Computer Science Colloquia
Wednesday, April 24, 2013
Advisor: Kevin Skadron
Attending Faculty: Sudhanva Gurumurthi (Chair), Jack Davidson, Mircea Stan, and Westley Weimer
2:00 PM, Rice Hall, Rm. 242
PhD Dissertation Presentation
Rate Matching to Improve the Performance and Energy Efficiency of GPU Systems
Graphics processing units (GPUs) have attracted enormous interest over the past decade due to substantial increases in both performance and programmability. Programmers can potentially leverage GPUs for substantial performance gains, but at the cost of significant software engineering effort. In practice, most GPU applications do not effectively utilize all of the available resources in a system: they either fail to use a resource at all or use a resource to less than its full potential. This underutilization can hurt both performance and energy efficiency.
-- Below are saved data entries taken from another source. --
(* There is no $x\in\mathbb{R}\setminus\mathbb{Q}$ whose Jacobi sequence contains four consecutive terms $-1,1,1,-1$; that is, there is no $k\ge0$ with $\left(\frac{s_k}{t_k}\right)=-1$, $\left(\frac{s_{k+1}}{t_{k+1}}\right)=\left(\frac{s_{k+2}}{t_{k+2}}\right)=1$, $\left(\frac{s_{k+3}}{t_{k+3}}\right)=-1$. In particular, there is no $x\in\mathbb{R}\setminus\mathbb{Q}$ whose Jacobi sequence is eventually periodic with repeating block $1,1,-1$.
   Context: For $x\in\mathbb{R}\setminus\mathbb{Q}$ with regular continued fraction expansion $x=[a_0,a_1,a_2,\ldots]$, the convergents $s_k/t_k$ are defined by $s_{-1}=1$, $s_0=a_0$, $s_k=a_ks_{k-1}+s_{k-2}$ and $t_{-1}=0$, $t_0=1$, $t_k=a_kt_{k-1}+t_{k-2}$ for $k\ge1$. For an odd natural number $n$ and an integer $m$ coprime to $n$, $\left(\frac{m}{n}\right)$ is the usual Jacobi symbol (equal to $1$ if $n=1$); if $n$ is even and $\gcd(m,n)=1$, one sets $\left(\frac{m}{n}\right)=*$, a fixed symbol different from $\pm1$. The Jacobi sequence of $x$ is $\left(\frac{s_k}{t_k}\right)$, $k\ge 0$. *)

theory Defs
  imports Complex_Main "HOL-Number_Theory.Number_Theory"
begin

fun cf_rem :: "real \<Rightarrow> nat \<Rightarrow> real" where
  "cf_rem x 0 = x"
| "cf_rem x (Suc n) = 1 / frac (cf_rem x n)"

definition cf_a :: "real \<Rightarrow> nat \<Rightarrow> int" where
  "cf_a x n = \<lfloor>cf_rem x n\<rfloor>"

text \<open>Convergent numerators s_k and denominators t_k, with s_(-1) = 1, t_(-1) = 0.\<close>
fun cf_s :: "real \<Rightarrow> nat \<Rightarrow> int" where
  "cf_s x 0 = cf_a x 0"
| "cf_s x (Suc 0) = cf_a x 1 * cf_a x 0 + 1"
| "cf_s x (Suc (Suc n)) = cf_a x (n + 2) * cf_s x (Suc n) + cf_s x n"

fun cf_t :: "real \<Rightarrow> nat \<Rightarrow> int" where
  "cf_t x 0 = 1"
| "cf_t x (Suc 0) = cf_a x 1"
| "cf_t x (Suc (Suc n)) = cf_a x (n + 2) * cf_t x (Suc n) + cf_t x n"

text \<open>Jacobi symbol (m/n) for odd positive n (equal to 1 for n = 1).\<close>
definition Jacobi :: "int \<Rightarrow> int \<Rightarrow> int" where
  "Jacobi m n = (\<Prod>p\<in>prime_factors n. Legendre m p ^ multiplicity p n)"

text \<open>Jacobi sequence: Some (s_k/t_k) if t_k is odd, None (the symbol *) if t_k is even.\<close>
definition jacobi_seq :: "real \<Rightarrow> nat \<Rightarrow> int option" where
  "jacobi_seq x k = (if odd (cf_t x k) then Some (Jacobi (cf_s x k) (cf_t x k)) else None)"

end

theory Submission
  imports Defs
begin

text \<open>
  Consecutive convergents satisfy s_(k+1) t_k - s_k t_(k+1) = (-1)^k. When t_k and t_(k+1)
  are odd, reducing this identity modulo t_(k+1) and modulo t_k and combining the two
  resulting Jacobi symbols through Jacobi reciprocity shows that the product of two
  consecutive terms of the Jacobi sequence depends only on t_k, t_(k+1) mod 4 and on the
  parity of k. For the block -1, 1, 1, -1 the three products -1, 1, -1 impose incompatible
  conditions on t_k, ..., t_(k+3) mod 4; an eventually periodic sequence with block
  1, 1, -1 contains this block.
\<close>

subsection \<open>Characters modulo 4\<close>

definition chi4 :: "int \<Rightarrow> int" where
  "chi4 n = (if n mod 4 = 3 then -1 else 1)"

definition reciprocity_sign :: "int \<Rightarrow> int \<Rightarrow> int" where
  "reciprocity_sign m n = (if m mod 4 = 3 \<and> n mod 4 = 3 then -1 else 1)"

lemma chi4_mult: "odd a \<Longrightarrow> odd b \<Longrightarrow> chi4 (a * b) = chi4 a * chi4 b"
proof -
  assume "odd a" "odd b"
  then have "a mod 4 = 1 \<or> a mod 4 = 3" "b mod 4 = 1 \<or> b mod 4 = 3"
    by presburger+
  moreover have "(a * b) mod 4 = (a mod 4) * (b mod 4) mod 4"
    by (simp add: mod_mult_eq)
  ultimately show ?thesis
    unfolding chi4_def by auto
qed

lemma reciprocity_sign_commute: "reciprocity_sign m n = reciprocity_sign n m"
  by (auto simp: reciprocity_sign_def)

lemma reciprocity_sign_eq_chi4: "reciprocity_sign m n = (if m mod 4 = 3 then chi4 n else 1)"
  by (simp add: reciprocity_sign_def chi4_def)

lemma reciprocity_sign_mult_left:
  "odd a \<Longrightarrow> odd b \<Longrightarrow> reciprocity_sign (a * b) n = reciprocity_sign a n * reciprocity_sign b n"
  using chi4_mult[of a b]
  by (simp add: reciprocity_sign_commute[of _ n] reciprocity_sign_eq_chi4[of n])

lemma neg_one_power_half_eq_chi4:
  assumes "odd n" "n > 0"
  shows "(-1::int) ^ nat ((n - 1) div 2) = chi4 n"
proof -
  define q where "q = n div 4"
  have "q \<ge> 0"
    using assms(2) by (simp add: q_def)
  from assms(1) have "n = 4 * q + 1 \<or> n = 4 * q + 3"
    unfolding q_def by presburger
  then show ?thesis
  proof
    assume "n = 4 * q + 1"
    moreover from this have "nat ((n - 1) div 2) = 2 * nat q"
      using \<open>q \<ge> 0\<close> by simp
    ultimately show ?thesis by (simp add: chi4_def)
  next
    assume "n = 4 * q + 3"
    moreover from this have "nat ((n - 1) div 2) = Suc (2 * nat q)"
      using \<open>q \<ge> 0\<close> by simp
    ultimately show ?thesis by (simp add: chi4_def)
  qed
qed

subsection \<open>The Legendre symbol\<close>

lemma Legendre_cong:
  assumes "[a = b] (mod p)"
  shows "Legendre a p = Legendre b p"
proof -
  have "[c = a] (mod p) \<longleftrightarrow> [c = b] (mod p)" for c
    using assms cong_sym cong_trans by blast
  then show ?thesis
    unfolding Legendre_def QuadRes_def by (simp add: cong_sym_eq[of _ 0])
qed

lemma Legendre_one: "prime p \<Longrightarrow> Legendre 1 p = 1"
proof -
  assume "prime p"
  then have "\<not> [1 = 0] (mod p)"
    using prime_gt_1_int by (auto simp: cong_def)
  moreover have "QuadRes p 1"
    unfolding QuadRes_def by (rule exI[of _ 1]) simp
  ultimately show ?thesis
    by (simp add: Legendre_def)
qed

lemma Legendre_cong_power_half:
  assumes "prime p" "p > 2"
  shows "[Legendre a p = a ^ nat ((p - 1) div 2)] (mod p)"
proof -
  have "prime (nat p)" "2 < nat p"
    using assms by auto
  from euler_criterion[OF this, of a] show ?thesis
    using assms(2) by (simp add: nat_div_distrib nat_diff_distrib)
qed

text \<open>Values in \<open>{-1, 0, 1}\<close> are pairwise incongruent modulo \<open>p > 2\<close>, so Euler's
  criterion determines the Legendre symbol.\<close>

lemma Legendre_eqI_Euler:
  assumes "prime p" "p > 2" "v \<in> {-1, 0, 1}"
    and "[a ^ nat ((p - 1) div 2) = v] (mod p)"
  shows "Legendre a p = v"
proof -
  have "[Legendre a p + 1 = v + 1] (mod p)"
    using Legendre_cong_power_half[OF assms(1,2)] assms(4) by (metis cong_add_rcancel cong_trans)
  moreover have "Legendre a p \<in> {-1, 0, 1}"
    by (simp add: Legendre_def)
  ultimately show ?thesis
    using assms(2,3) cong_less_imp_eq_int[of "Legendre a p + 1" p "v + 1"] by auto
qed

lemma Legendre_mult:
  assumes "prime p" "p > 2"
  shows "Legendre (a * b) p = Legendre a p * Legendre b p"
proof (rule Legendre_eqI_Euler[OF assms])
  show "Legendre a p * Legendre b p \<in> {-1, 0, 1}"
    by (simp add: Legendre_def)
  have "[Legendre a p * Legendre b p =
      a ^ nat ((p - 1) div 2) * b ^ nat ((p - 1) div 2)] (mod p)"
    using Legendre_cong_power_half[OF assms] by (intro cong_mult)
  then show "[(a * b) ^ nat ((p - 1) div 2) = Legendre a p * Legendre b p] (mod p)"
    by (simp add: power_mult_distrib cong_sym)
qed

lemma Legendre_neg_one:
  assumes "prime p" "p > 2"
  shows "Legendre (-1) p = chi4 p"
proof (rule Legendre_eqI_Euler[OF assms])
  show "chi4 p \<in> {-1, 0, 1}"
    by (simp add: chi4_def)
  have "odd p"
    using assms prime_odd_int by blast
  then show "[(-1) ^ nat ((p - 1) div 2) = chi4 p] (mod p)"
    using neg_one_power_half_eq_chi4 assms by simp
qed

lemma Legendre_reciprocity:
  assumes p: "prime p" "p > 2" and q: "prime q" "q > 2" and "p \<noteq> q"
  shows "Legendre q p * Legendre p q = reciprocity_sign p q"
proof -
  have "Legendre p q * Legendre q p = (-1::int) ^ nat ((p - 1) div 2 * ((q - 1) div 2))"
    using Quadratic_Reciprocity_int assms by simp
  also have "\<dots> = ((-1) ^ nat ((p - 1) div 2)) ^ nat ((q - 1) div 2)"
    using assms by (simp add: nat_mult_distrib power_mult)
  also have "\<dots> = chi4 p ^ nat ((q - 1) div 2)"
    using neg_one_power_half_eq_chi4 p prime_odd_int by auto
  also have "\<dots> = reciprocity_sign p q"
    using neg_one_power_half_eq_chi4[of q] q prime_odd_int
    by (auto simp: reciprocity_sign_eq_chi4 chi4_def)
  finally show ?thesis
    by (simp add: mult.commute)
qed

subsection \<open>The Jacobi symbol\<close>

lemma pos_int_prime_induct [consumes 1, case_names one prime_mult]:
  fixes n :: int
  assumes "n > 0"
    and "P 1"
    and "\<And>p m. prime p \<Longrightarrow> m > 0 \<Longrightarrow> P m \<Longrightarrow> P (p * m)"
  shows "P n"
proof -
  have "n > 0 \<longrightarrow> P n"
  proof (induction n rule: prime_divisors_induct)
    case (unit x)
    then show ?case using assms(2) by (auto simp: zdvd1_eq)
  next
    case (factor p x)
    then have "p > 0" by (simp add: prime_gt_0_int)
    then show ?case using factor assms(3) by (auto simp: zero_less_mult_iff)
  qed simp
  with assms(1) show ?thesis by blast
qed

lemma Jacobi_eq_prod_mset:
  "Jacobi m n = prod_mset (image_mset (\<lambda>p. Legendre m p) (prime_factorization n))"
  unfolding Jacobi_def image_prod_mset_multiplicity
  by (intro prod.cong) (auto simp: count_prime_factorization in_prime_factors_iff)

lemma Jacobi_1_right [simp]: "Jacobi m 1 = 1"
  by (simp add: Jacobi_def)

lemma Jacobi_1_left [simp]: "Jacobi 1 n = 1"
  unfolding Jacobi_def
  by (intro prod.neutral) (auto simp: Legendre_one in_prime_factors_iff)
In this dissertation, we frame this underutilization as a rate matching problem: the rate at which requests arrive at a resource does not match the rate at which that resource completes those requests. This problem is challenging because the completion rate of a given resource is highly application dependent and may also change significantly at run-time in response to system- or application-level changes. We present novel techniques for automatically solving this rate matching problem to improve performance and energy efficiency.
First, to better understand the challenges of leveraging a GPU, we present as a case study our experiences accelerating a computationally intensive video tracking application from systems biology. Although we were able to improve performance by 26x relative to the best CPU implementation, we encountered significant challenges along the way and had to leverage non-obvious optimization strategies. Based on the lessons we learned, we present general guidelines for optimizing GPU applications as well as recommendations for system-level changes that would simplify the development of high-performance GPU applications.
Next, we address underutilization at the system level by using load balancing to improve performance. We propose a dynamic scheduling algorithm that automatically and efficiently divides the execution of a data-parallel kernel across multiple, possibly heterogeneous GPUs. We show that our scheduler can nearly match the performance of an unrealistic static scheduler when device performance is fixed, and can provide better performance when device performance varies.
Finally, we address underutilization within the GPU by using frequency scaling to improve energy efficiency. We propose a novel algorithm for predicting the energy-optimal GPU clock frequencies for an arbitrary kernel. Using power measurements from real systems, we demonstrate that our algorithm improves significantly on the state of the art across multiple generations of GPUs. We also propose and evaluate techniques for decreasing the CPU's energy consumption during GPU computation.
The techniques presented in this dissertation can be used to improve the performance and energy efficiency of GPU applications with no programmer effort or software modifications required. As the diversity of available hardware systems continues to increase, automatic techniques such as these will become critical for software to fully realize the benefits of future hardware improvements.